# Zetor 5340 stalls



## docrigo (Nov 20, 2011)

Gents, need some help on figuring out what to do next. I am a novice when it comes to working on engines. I have a diesel Zetor 5340. Ran into a problem someone else mentioned in another thread - last year with dirt in a banjo fitting. Cleaned that up and my tractor ran fine until this fall. I found more crud in the same spot - dead lady bug shells. This happens in a fitting before the primary fuel filter / water separator bulb which on my unit which also has a screen in it. Fuel then runs to the big fuel filter and then up to the injector pump manifold. A return to the fuel tank comes off of the top of the injector pump. The system has a priming pump which pulls fuel into the primary fuel filter and then pumps it out. It should normally require 10-15 pumps to get fuel filled in the injector pump. Normally when this is working properly, you eventually hear air bubbles in the fuel tank from the excess fuel pushing air through the return line. 

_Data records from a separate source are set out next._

lemma extinct_by_bounds: "0 \<le> extinct_by V out r n S \<and> extinct_by V out r n S \<le> 1"
proof (induction n arbitrary: S)
  case 0
  then show ?case by simp
next
  case (Suc n)
  define W where "W = total_fitness V r S"
  have W_pos: "W > 0" using total_fitness_pos W_def by simp
  have term_nonneg: "0 \<le> fitness r S v / W * (1 / real (card (out v)))" for v
    using W_pos by simp
  have "0 \<le> extinct_by V out r (Suc n) S"
    unfolding extinct_by.simps W_def[symmetric]
    by (intro sum_nonneg mult_nonneg_nonneg term_nonneg conjunct1[OF Suc])
  moreover have "extinct_by V out r (Suc n) S
      \<le> (\<Sum>v\<in>V. \<Sum>w\<in>out v. (fitness r S v / W) * (1 / real (card (out v))))"
    unfolding extinct_by.simps W_def[symmetric]
    by (intro sum_mono mult_left_le term_nonneg conjunct2[OF Suc])
  moreover have "\<dots> = (\<Sum>v\<in>V. fitness r S v / W)"
    by (rule sum.cong[OF refl], rule sum_uniform_out)
  moreover have "\<dots> = 1" using sum_fitness_div_total by (simp add: W_def)
  ultimately show ?case by linarith
qed

lemma extinct_by_empty: "extinct_by V out r n {} = 1"
proof (induction n)
  case 0
  then show ?case by simp
next
  case (Suc n)
  have upd: "moran_update {} v w = {}" for v w by (simp add: moran_update_def)
  have "extinct_by V out r (Suc n) {} = (\<Sum>v\<in>V. \<Sum>w\<in>out v.
      (fitness r {} v / total_fitness V r {}) * (1 / real (card (out v))))"
    by (simp only: extinct_by.simps upd Suc mult_1_right)
  also have "\<dots> = (\<Sum>v\<in>V. fitness r {} v / total_fitness V r {})"
    by (rule sum.cong[OF refl], rule sum_uniform_out)
  finally show ?case using sum_fitness_div_total by simp
qed
lemma abs_ln_diff_le:
  fixes u v C D :: real
  assumes "0 < u" "0 < v" "1 \<le> C" "1 \<le> D" "u \<le> C * v" "v \<le> D * u"
  shows "\<bar>ln u - ln v\<bar> \<le> ln C + ln D"
proof -
  have "ln u \<le> ln (C * v)" "ln v \<le> ln (D * u)"
    using assms by simp_all
  then have "ln u \<le> ln C + ln v" "ln v \<le> ln D + ln u"
    using assms by (simp_all add: ln_mult)
  moreover have "0 \<le> ln C" "0 \<le> ln D"
    using assms by simp_all
  ultimately show ?thesis
    unfolding abs_le_iff by linarith
qed

lemma ennreal_of_enat_less_top_iff: "ennreal_of_enat n < top \<longleftrightarrow> n \<noteq> \<infinity>"
  by (cases n) (auto simp: of_nat_less_top)

lemma Limsup_less_top_imp_eventually_bounded:
  fixes f :: "'a \<Rightarrow> ennreal"
  assumes "Limsup F f < \<infinity>"
  obtains M :: real where "eventually (\<lambda>y. f y \<le> ennreal M) F"
proof -
  have "Limsup F f < ennreal (enn2real (Limsup F f) + 1)"
    using assms by (cases "Limsup F f") (auto simp: ennreal_less_iff)
  then have "eventually (\<lambda>y. f y < ennreal (enn2real (Limsup F f) + 1)) F"
    by (rule Limsup_lessD)
  then show thesis
    by (intro that[of "enn2real (Limsup F f) + 1"]) (auto elim: eventually_mono)
qed

abbreviation cover_count :: "real \<Rightarrow> 'a::metric_space set \<Rightarrow> ennreal"
  where "cover_count s A \<equiv> ennreal_of_enat (cover_num s A)"

definition cover_size :: "real \<Rightarrow> 'a::metric_space set \<Rightarrow> real"
  where "cover_size s A = real (the_enat (cover_num s A))"

text \<open>\<open>M\<close> and \<open>\<delta>\<close> come from hypothesis (b) with \<open>\<lambda> = 1/6\<close>. Homogeneity is needed up to
  radius \<open>2 \<delta>\<close> because the centres of covering balls meeting \<open>B(x, R)\<close> lie in \<open>B(x, 2 R)\<close>.\<close>

locale homogeneous_covering =
  fixes x :: "'a::metric_space" and c M \<delta> :: real
  assumes c_ge_1: "1 \<le> c" and delta_pos: "0 < \<delta>"
    and homogeneous: "\<And>r l m y z. 0 < r \<Longrightarrow> r \<le> 2 * \<delta> \<Longrightarrow> 0 < l \<Longrightarrow> l \<le> 1 \<Longrightarrow> 0 < m \<Longrightarrow> m \<le> 1 \<Longrightarrow>
      y \<in> ball x r \<Longrightarrow> z \<in> ball x r \<Longrightarrow>
      cover_count (l*m*r) (ball y (l*r)) \<le> ennreal c * cover_count (l*m*r) (ball z (l*r))"
    and small_ball_bound: "\<And>r. 0 < r \<Longrightarrow> r < \<delta> \<Longrightarrow> cover_count (r/6) (cball x r) \<le> ennreal M"
begin

lemma homogeneous_ball:
  assumes "0 < s" "s \<le> \<sigma>" "\<sigma> \<le> r" "r \<le> 2 * \<delta>" "y \<in> ball x r" "z \<in> ball x r"
  shows "cover_count s (ball y \<sigma>) \<le> ennreal c * cover_count s (ball z \<sigma>)"
proof -
  have "\<sigma>/r * (s/\<sigma>) * r = s" "\<sigma>/r * r = \<sigma>" using assms by auto
  with homogeneous[of r "\<sigma>/r" "s/\<sigma>" y z] assms show ?thesis by simp
qed

lemma cover_count_le_card_mult:
  assumes "A \<subseteq> ball x R" "finite Y" "A \<subseteq> (\<Union>y\<in>Y. ball y \<sigma>)"
    and "0 < s" "s \<le> \<sigma>" "\<sigma> \<le> R" "R \<le> \<delta>"
  shows "cover_count s A \<le> of_nat (card Y) * ennreal c * cover_count s (ball x \<sigma>)"
proof -
  define Y' where "Y' = {y\<in>Y. ball y \<sigma> \<inter> A \<noteq> {}}"
  have "finite Y'" "card Y' \<le> card Y"
    using assms(2) unfolding Y'_def by (auto intro: card_mono)
  have "A \<subseteq> (\<Union>y\<in>Y'. ball y \<sigma>)"
  proof
    fix w assume "w \<in> A"
    with assms(3) obtain y where "y \<in> Y" "w \<in> ball y \<sigma>" by (auto simp del: mem_ball)
    with \<open>w \<in> A\<close> show "w \<in> (\<Union>y\<in>Y'. ball y \<sigma>)" unfolding Y'_def by (auto simp del: mem_ball)
  qed
  have near: "cover_count s (ball y \<sigma>) \<le> ennreal c * cover_count s (ball x \<sigma>)" if y: "y \<in> Y'" for y
  proof -
    obtain w where "w \<in> A" "w \<in> ball y \<sigma>" using y unfolding Y'_def by (auto simp del: mem_ball)
    then have "y \<in> ball x (2 * R)"
      using assms(1,6) dist_triangle[of x y w] by (auto simp: dist_commute subset_eq)
    then show ?thesis using assms by (intro homogeneous_ball[where r="2 * R"]) auto
  qed
  have "cover_count s A \<le> (\<Sum>y\<in>Y'. cover_count s (ball y \<sigma>))"
    using cover_num_UN_le_sum[OF \<open>finite Y'\<close> \<open>A \<subseteq> (\<Union>y\<in>Y'. ball y \<sigma>)\<close>] by simp
  also have "\<dots> \<le> (\<Sum>y\<in>Y'. ennreal c * cover_count s (ball x \<sigma>))"
    using near by (rule sum_mono)
  also have "\<dots> = of_nat (card Y') * ennreal c * cover_count s (ball x \<sigma>)"
    by (simp add: mult.assoc)
  also have "\<dots> \<le> of_nat (card Y) * ennreal c * cover_count s (ball x \<sigma>)"
    using \<open>card Y' \<le> card Y\<close> by (intro mult_right_mono) auto
  finally show ?thesis .
qed

lemma M_ge_1: "1 \<le> M"
proof -
  have "1 \<le> cover_num (\<delta>/2/6) (cball x (\<delta>/2))"
    using delta_pos by (intro cover_num_ge_1) simp
  then have "1 \<le> cover_count (\<delta>/2/6) (cball x (\<delta>/2))"
    by (metis ennreal_of_enat_1 ennreal_of_enat_le_iff)
  also have "\<dots> \<le> ennreal M"
    using small_ball_bound[of "\<delta>/2"] delta_pos by simp
  finally have "ennreal 1 \<le> ennreal M" by simp
  then show ?thesis by (auto simp: ennreal_le_iff2)
qed

lemma cover_count_ball_le_M:
  assumes "0 < r" "r < \<delta>" "r \<le> 6 * s"
  shows "cover_count s (ball x r) \<le> ennreal M"
proof -
  have "cover_num s (ball x r) \<le> cover_num (r/6) (ball x r)"
    using assms(3) by (intro cover_num_antimono) simp
  also have "\<dots> \<le> cover_num (r/6) (cball x r)"
    by (intro cover_num_mono ball_subset_cball)
  finally have "cover_count s (ball x r) \<le> cover_count (r/6) (cball x r)" by simp
  also have "\<dots> \<le> ennreal M" using small_ball_bound assms by simp
  finally show ?thesis .
qed
(* Let $L\in R[x][\partial]$ have order $r>0$, and let $p\in R[x]$ be a primitive polynomial dividing $\mathrm{lc}_\partial(L)$. If there exists a $p$-removing operator for $L$ over $Q_R[x]$, then there exists a $p$-removing operator for $L$ over $R[x]$ of the same order.
   Context: $R$ is a principal ideal domain with quotient field $Q_R$; $\sigma$ is an $R$-automorphism of $R[x]$ with $\sigma(x)=\gamma x+\tau$ ($\gamma$ a unit), $\delta$ an $R$-linear $\sigma$-derivation with $\deg\delta(x)\le1$; $R[x][\partial]$ is the Ore algebra with $\partial p=\sigma(p)\partial+\delta(p)$, contained in $Q_R[x][\partial]\subseteq Q_R(x)[\partial]$. Primitive: coefficients have gcd $1$. For a coefficient ring $D\in\{R[x],Q_R[x]\}$ and $p\in D$ dividing $\mathrm{lc}_\partial(L)$, a $p$-removing operator for $L$ over $D$ of order $k$ is $P\in Q_R(x)[\partial]$ of order $k$ such that $PL\in D[\partial]$ and $\sigma^{-k}(\mathrm{lc}_\partial(PL))=\frac{w}{vp}\mathrm{lc}_\partial(L)$ for some $w,v\in D$ with $\gcd(p,w)=1$ in $D$. *)

theory Defs
  imports "HOL-Computational_Algebra.Polynomial" "HOL-Computational_Algebra.Polynomial_Factorial"
begin

definition is_pid :: "'a::idom itself \<Rightarrow> bool" where
  "is_pid _ \<longleftrightarrow> (\<forall>I::'a set. (0 \<in> I \<and> (\<forall>a\<in>I. \<forall>b\<in>I. a - b \<in> I) \<and> (\<forall>a\<in>I. \<forall>r. r * a \<in> I))
      \<longrightarrow> (\<exists>g. I = range (\<lambda>r. r * g)))"

definition primitive_poly :: "'a::idom poly \<Rightarrow> bool" where
  "primitive_poly p \<longleftrightarrow> (\<forall>d. (\<forall>i. d dvd coeff p i) \<longrightarrow> d dvd 1)"

definition coprime_in :: "'a::idom \<Rightarrow> 'a \<Rightarrow> bool" where
  "coprime_in a b \<longleftrightarrow> (\<forall>c. c dvd a \<longrightarrow> c dvd b \<longrightarrow> c dvd 1)"

type_synonym 'a ratfun = "'a fract poly fract"

definition embQx :: "'a::idom fract poly \<Rightarrow> 'a ratfun" where
  "embQx q = to_fract q"

definition embRx :: "'a::idom poly \<Rightarrow> 'a ratfun" where
  "embRx p = to_fract (map_poly to_fract p)"

definition embR :: "'a::idom \<Rightarrow> 'a ratfun" where
  "embR c = embRx [:c:]"

definition varX :: "'a::idom ratfun" where
  "varX = embRx [:0, 1:]"

text \<open>Ore operators with coefficients in a field K are represented as polynomials in \<partial>
  (type K poly); the coefficient of \<partial>^i is coeff P i, the order is degree, lc is lead_coeff.
  Multiplication: \<partial> p = \<sigma>(p) \<partial> + \<delta>(p).\<close>
definition ore_d :: "('k \<Rightarrow> 'k) \<Rightarrow> ('k \<Rightarrow> 'k) \<Rightarrow> 'k::comm_ring_1 poly \<Rightarrow> 'k poly" where
  "ore_d \<sigma> \<delta> L = pCons 0 (map_poly \<sigma> L) + map_poly \<delta> L"

definition ore_mult :: "('k \<Rightarrow> 'k) \<Rightarrow> ('k \<Rightarrow> 'k) \<Rightarrow> 'k::comm_ring_1 poly \<Rightarrow> 'k poly \<Rightarrow> 'k poly" where
  "ore_mult \<sigma> \<delta> P L = (\<Sum>i\<le>degree P. smult (coeff P i) ((ore_d \<sigma> \<delta> ^^ i) L))"

definition p_removing ::
  "('k \<Rightarrow> 'k) \<Rightarrow> ('k \<Rightarrow> 'k) \<Rightarrow> ('d::idom \<Rightarrow> 'k::field) \<Rightarrow> 'd \<Rightarrow> 'k poly \<Rightarrow> 'k poly \<Rightarrow> nat \<Rightarrow> bool" where
  "p_removing \<sigma> \<delta> emb p L P k \<longleftrightarrow>
     P \<noteq> 0 \<and> degree P = k \<and>
     (\<forall>i. coeff (ore_mult \<sigma> \<delta> P L) i \<in> range emb) \<and>
     (\<exists>w v. v \<noteq> 0 \<and> coprime_in p w \<and>
        (inv \<sigma> ^^ k) (lead_coeff (ore_mult \<sigma> \<delta> P L)) = emb w / (emb v * emb p) * lead_coeff L)"

end

theory Submission
  imports Defs
begin

text \<open>A Q_R[x]-removing operator P becomes an R[x]-removing one after multiplication by a
  common denominator c \<in> R of the coefficients of PL. Since \<sigma> fixes R, the leading
  coefficient condition is merely rescaled by c; clearing the denominators of w and v
  turns it into a condition over R[x], and coprimality of p and w survives because p is
  primitive.\<close>

lemma fract_poly_clear_denominators:
  fixes q :: "'a::idom fract poly"
  obtains d q0 where "d \<noteq> 0" "fract_poly q0 = smult (to_fract d) q"
proof -
  have "\<exists>d q0. d \<noteq> 0 \<and> fract_poly q0 = smult (to_fract d) q"
  proof (induction q)
    case 0
    show ?case by (intro exI[of _ 1] exI[of _ 0]) simp
  next
    case (pCons a q)
    then obtain d q0 where d: "d \<noteq> 0" "fract_poly q0 = smult (to_fract d) q" by blast
    obtain n m where a: "a = Fract n m" "m \<noteq> 0" by (cases a)
    have am: "to_fract m * a = to_fract n" using a by (simp add: Fract_conv_to_fract)
    have "fract_poly (pCons (n * d) (smult m q0)) = smult (to_fract (d * m)) (pCons a q)"
      using d by (simp add: map_poly_pCons algebra_simps flip: am)
    moreover have "d * m \<noteq> 0" using d a by simp
    ultimately show ?case by blast
  qed
  then show ?thesis using that by blast
qed

lemma fract_poly_clear_common_denominator:
  fixes f :: "'i \<Rightarrow> 'a::idom fract poly"
  assumes "finite I"
  obtains d where "d \<noteq> 0" "\<And>i. i \<in> I \<Longrightarrow> \<exists>q0. fract_poly q0 = smult (to_fract d) (f i)"
proof -
  from assms have "\<exists>d. d \<noteq> 0 \<and> (\<forall>i\<in>I. \<exists>q0. fract_poly q0 = smult (to_fract d) (f i))"
  proof (induction I rule: finite_induct)
    case empty
    show ?case by (intro exI[of _ 1]) simp
  next
    case (insert j I)
    then obtain d where d: "d \<noteq> 0" "\<forall>i\<in>I. \<exists>q0. fract_poly q0 = smult (to_fract d) (f i)"
      by blast
    obtain e q1 where e: "e \<noteq> 0" "fract_poly q1 = smult (to_fract e) (f j)"
      by (rule fract_poly_clear_denominators)
    have "\<exists>q0. fract_poly q0 = smult (to_fract (d * e)) (f i)" if "i \<in> insert j I" for i
    proof (cases "i = j")
      case True
      have "fract_poly (smult d q1) = smult (to_fract (d * e)) (f j)"
        using e(2) by (simp add: mult.commute)
      then show ?thesis using True by blast
    next
      case False
      with that have "i \<in> I" by simp
      then obtain q0 where "fract_poly q0 = smult (to_fract d) (f i)" using d(2) by blast
      then have "fract_poly (smult e q0) = smult (to_fract (d * e)) (f i)"
        by (simp add: mult.commute)
      then show ?thesis by blast
    qed
    moreover have "d * e \<noteq> 0" using d e by simp
    ultimately show ?case by blast
  qed
  then show ?thesis using that by auto
qed

lemma coprime_in_fract_poly_cleared:
  fixes p w' :: "'a::idom poly" and w :: "'a fract poly"
  assumes prim: "primitive_poly p" and cop: "coprime_in (fract_poly p) w"
    and w': "fract_poly w' = smult a w" and a: "a \<noteq> 0"
  shows "coprime_in p w'"
  unfolding coprime_in_def
proof (intro allI impI)
  fix q assume qp: "q dvd p" and qw: "q dvd w'"
  have "fract_poly q dvd w"
    using fract_poly_dvd[OF qw] w' a dvd_smult_cancel by metis
  with fract_poly_dvd[OF qp] have unit: "fract_poly q dvd 1"
    using cop unfolding coprime_in_def by blast
  then have "fract_poly q \<noteq> 0" by auto
  then have "degree (fract_poly q) = 0" using unit is_unit_iff_degree by blast
  then have "degree q = 0" using degree_map_poly[of to_fract q] by simp
  then have q_const: "q = [:coeff q 0:]" by (metis degree_0_id)
  then have "\<forall>n. coeff q 0 dvd coeff p n" using qp const_poly_dvd_iff by metis
  then have "coeff q 0 dvd 1" using prim unfolding primitive_poly_def by blast
  then show "q dvd 1" by (subst q_const) (simp add: is_unit_const_poly_iff)
qed

lemma embRx_mult: "embRx (a * b) = embRx a * embRx b"
  by (simp add: embRx_def to_fract_mult)

lemma embR_mult: "embR (a * b) = embR a * embR b"
  unfolding embR_def by (simp add: mult.commute flip: embRx_mult)

lemma embRx_smult: "embRx (smult c a) = embR c * embRx a"
  unfolding embR_def by (simp flip: embRx_mult)

lemma embR_eq_0_iff [simp]: "embR c = 0 \<longleftrightarrow> c = 0"
  by (simp add: embR_def embRx_def)

lemma embQx_fract_poly: "embQx (fract_poly p) = embRx p"
  by (simp add: embQx_def embRx_def)

lemma embRx_cleared:
  assumes "fract_poly q0 = smult (to_fract d) q"
  shows "embRx q0 = embR d * embQx q"
proof -
  have "embRx q0 = to_fract ([:to_fract d:] * q)" using assms by (simp add: embRx_def)
  moreover have "embR d = to_fract [:to_fract d:]" by (simp add: embR_def embRx_def map_poly_pCons)
  ultimately show ?thesis by (simp only: embQx_def to_fract_mult)
qed

lemma ore_mult_smult:
  fixes c :: "'k::field"
  assumes "c \<noteq> 0"
  shows "ore_mult \<sigma> \<delta> (smult c P) L = smult c (ore_mult \<sigma> \<delta> P L)"
proof -
  have "ore_mult \<sigma> \<delta> (smult c P) L =
      (\<Sum>i\<le>degree P. [:c:] * smult (coeff P i) ((ore_d \<sigma> \<delta> ^^ i) L))"
    using assms by (simp add: ore_mult_def degree_smult_eq mult.commute)
  also have "\<dots> = [:c:] * ore_mult \<sigma> \<delta> P L" by (simp add: ore_mult_def sum_distrib_left)
  finally show ?thesis by simp
qed

lemma funpow_inv_mult_fixed:
  fixes \<sigma> :: "'k::times \<Rightarrow> 'k"
  assumes "bij \<sigma>" and mult: "\<And>f g. \<sigma> (f * g) = \<sigma> f * \<sigma> g" and fixed: "\<sigma> c = c"
  shows "(inv \<sigma> ^^ k) (c * y) = c * (inv \<sigma> ^^ k) y"
proof -
  have inv_mult: "inv \<sigma> (a * b) = inv \<sigma> a * inv \<sigma> b" for a b
    by (metis assms(1) bij_inv_eq_iff mult)
  have "inv \<sigma> c = c" by (metis assms(1) bij_inv_eq_iff fixed)
  then show ?thesis by (induction k) (simp_all add: inv_mult)
qed

lemma smult_embR_clears_denominators:
  fixes M :: "'a::idom ratfun poly"
  assumes "\<And>i. coeff M i \<in> range embQx"
  obtains c where "c \<noteq> 0" "\<And>i. coeff (smult (embR c) M) i \<in> range embRx"
proof -
  have "\<forall>i. \<exists>q. coeff M i = embQx q" using assms by blast
  then obtain f where f: "\<And>i. coeff M i = embQx (f i)" by metis
  obtain c where c: "c \<noteq> 0"
    and cleared: "\<And>i. i \<le> degree M \<Longrightarrow> \<exists>q0. fract_poly q0 = smult (to_fract c) (f i)"
    using fract_poly_clear_common_denominator[of "{..degree M}" f] by auto
  have "coeff (smult (embR c) M) i \<in> range embRx" for i
  proof (cases "i \<le> degree M")
    case True
    then obtain q0 where "fract_poly q0 = smult (to_fract c) (f i)" using cleared by blast
    then have "embRx q0 = coeff (smult (embR c) M) i" by (simp add: embRx_cleared f)
    then show ?thesis by (metis rangeI)
  next
    case False
    then have "coeff (smult (embR c) M) i = embRx 0" by (simp add: coeff_eq_0 embRx_def)
    then show ?thesis by blast
  qed
  with c that show ?thesis by blast
qed

lemma lead_coeff_condition_cleared:
  fixes \<sigma> :: "'a::idom ratfun \<Rightarrow> 'a ratfun" and p :: "'a poly"
  assumes "bij \<sigma>" "\<And>f g. \<sigma> (f * g) = \<sigma> f * \<sigma> g" "\<And>c. \<sigma> (embR c) = embR c"
    and prim: "primitive_poly p" and c: "c \<noteq> 0"
    and v: "v \<noteq> 0" and cop: "coprime_in (fract_poly p) w"
    and lc: "(inv \<sigma> ^^ k) l = embQx w / (embQx v * embQx (fract_poly p)) * l'"
  obtains w' v' where "v' \<noteq> 0" "coprime_in p w'"
    "(inv \<sigma> ^^ k) (embR c * l) = embRx w' / (embRx v' * embRx p) * l'"
proof -
  obtain dw w0 where dw: "dw \<noteq> 0" "fract_poly w0 = smult (to_fract dw) w"
    by (rule fract_poly_clear_denominators)
  obtain dv v0 where dv: "dv \<noteq> 0" "fract_poly v0 = smult (to_fract dv) v"
    by (rule fract_poly_clear_denominators)
  have "(inv \<sigma> ^^ k) (embR c * l) = embR c * (embQx w / (embQx v * embRx p) * l')"
    using funpow_inv_mult_fixed[OF assms(1,2,3)] lc by (simp add: embQx_fract_poly)
  also have "\<dots> = embRx (smult (c * dv) w0) / (embRx (smult dw v0) * embRx p) * l'"
    using dw dv by (simp add: embRx_smult embRx_cleared embR_mult field_simps)
  finally have "(inv \<sigma> ^^ k) (embR c * l) = \<dots>" .
  moreover have "coprime_in p (smult (c * dv) w0)"
    by (rule coprime_in_fract_poly_cleared[OF prim cop, of _ "to_fract (c * dv) * to_fract dw"])
      (use dw dv c in simp_all)
  moreover have "smult dw v0 \<noteq> 0" using dw dv v by auto
  ultimately show ?thesis using that by blast
qed

lemma p_removing_clear_denominators:
  fixes \<sigma> \<delta> :: "'a::idom ratfun \<Rightarrow> 'a ratfun" and p :: "'a poly"
  assumes "bij \<sigma>" "\<And>f g. \<sigma> (f * g) = \<sigma> f * \<sigma> g" "\<And>c. \<sigma> (embR c) = embR c"
    and prim: "primitive_poly p"
    and P: "p_removing \<sigma> \<delta> embQx (fract_poly p) L P k"
  shows "\<exists>P'. p_removing \<sigma> \<delta> embRx p L P' k"
proof -
  define M where "M = ore_mult \<sigma> \<delta> P L"
  from P have "P \<noteq> 0" "degree P = k" "\<And>i. coeff M i \<in> range embQx"
    unfolding p_removing_def M_def by blast+
  from P obtain w v where "v \<noteq> 0" "coprime_in (fract_poly p) w"
    "(inv \<sigma> ^^ k) (lead_coeff M) = embQx w / (embQx v * embQx (fract_poly p)) * lead_coeff L"
    unfolding p_removing_def M_def by blast
  moreover obtain c where c: "c \<noteq> 0" "\<And>i. coeff (smult (embR c) M) i \<in> range embRx"
    using smult_embR_clears_denominators \<open>\<And>i. coeff M i \<in> range embQx\<close> by blast
  ultimately obtain w' v' where "v' \<noteq> 0" "coprime_in p w'"
    "(inv \<sigma> ^^ k) (embR c * lead_coeff M) = embRx w' / (embRx v' * embRx p) * lead_coeff L"
    using lead_coeff_condition_cleared[OF assms(1-4)] by metis
  moreover have "ore_mult \<sigma> \<delta> (smult (embR c) P) L = smult (embR c) M"
    unfolding M_def using c by (simp add: ore_mult_smult)
  ultimately have "p_removing \<sigma> \<delta> embRx p L (smult (embR c) P) k"
    unfolding p_removing_def using \<open>P \<noteq> 0\<close> \<open>degree P = k\<close> c
    by (simp only: degree_smult_eq coeff_smult embR_eq_0_iff smult_eq_0_iff if_False simp_thms) blast
  then show ?thesis by blast
qed

theorem mainTheorem17:
  fixes \<sigma> \<delta> :: "'a::idom ratfun \<Rightarrow> 'a ratfun"
    and \<gamma> \<tau> a1 a0 :: 'a
    and L :: "'a poly poly" and p :: "'a poly"
  assumes pid: "is_pid TYPE('a)"
    and \<gamma>_unit: "\<gamma> dvd 1"
    and \<sigma>_bij: "bij \<sigma>"
    and \<sigma>_add: "\<And>f g. \<sigma> (f + g) = \<sigma> f + \<sigma> g"
    and \<sigma>_mult: "\<And>f g. \<sigma> (f * g) = \<sigma> f * \<sigma> g"
    and \<sigma>_one: "\<sigma> 1 = 1"
    and \<sigma>_R: "\<And>c. \<sigma> (embR c) = embR c"
    and \<sigma>_x: "\<sigma> varX = embR \<gamma> * varX + embR \<tau>"
    and \<delta>_add: "\<And>f g. \<delta> (f + g) = \<delta> f + \<delta> g"
    and \<delta>_mult: "\<And>f g. \<delta> (f * g) = \<sigma> f * \<delta> g + \<delta> f * g"
    and \<delta>_R: "\<And>c. \<delta> (embR c) = 0"
    and \<delta>_x: "\<delta> varX = embR a1 * varX + embR a0"
    and order_pos: "degree L > 0"
    and prim: "primitive_poly p"
    and p_dvd: "p dvd lead_coeff L"
    and exQ: "\<exists>P. p_removing \<sigma> \<delta> embQx (map_poly to_fract p) (map_poly embRx L) P k"
  shows "\<exists>P. p_removing \<sigma> \<delta> embRx p (map_poly embRx L) P k"
proof -
  from exQ obtain P
    where "p_removing \<sigma> \<delta> embQx (fract_poly p) (map_poly embRx L) P k" ..
  then show ?thesis by (rule p_removing_clear_denominators[OF \<sigma>_bij \<sigma>_mult \<sigma>_R prim])
qed

end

I eventually cleaned the lines and drained the tank and screened all the fuel as I put it back into the tank. The tractor ran fine for several hours. I was splitting wood and moving some gravel around and scraping the driveway. I parked it after this activity and now it will not continue running. It will start and run for about 15 sec but stalls and will not restart unless I prime it again. Also, the priming action is different that what was normal. I removed the fuel lines a various points to check that fuel was flowing and it was. Then I removed the line from the overflow on the injector pump and ran a clear line into a bucket. The fuel did come out but not consistently. It seemed to build up pressure a little (I could feel this in the priming pump i.e. a little back pressure) and about every 12-14 pumps a stream of fuel would come out some of it very foamy. Some fuel did come out with each primer pump but it was a small amount. 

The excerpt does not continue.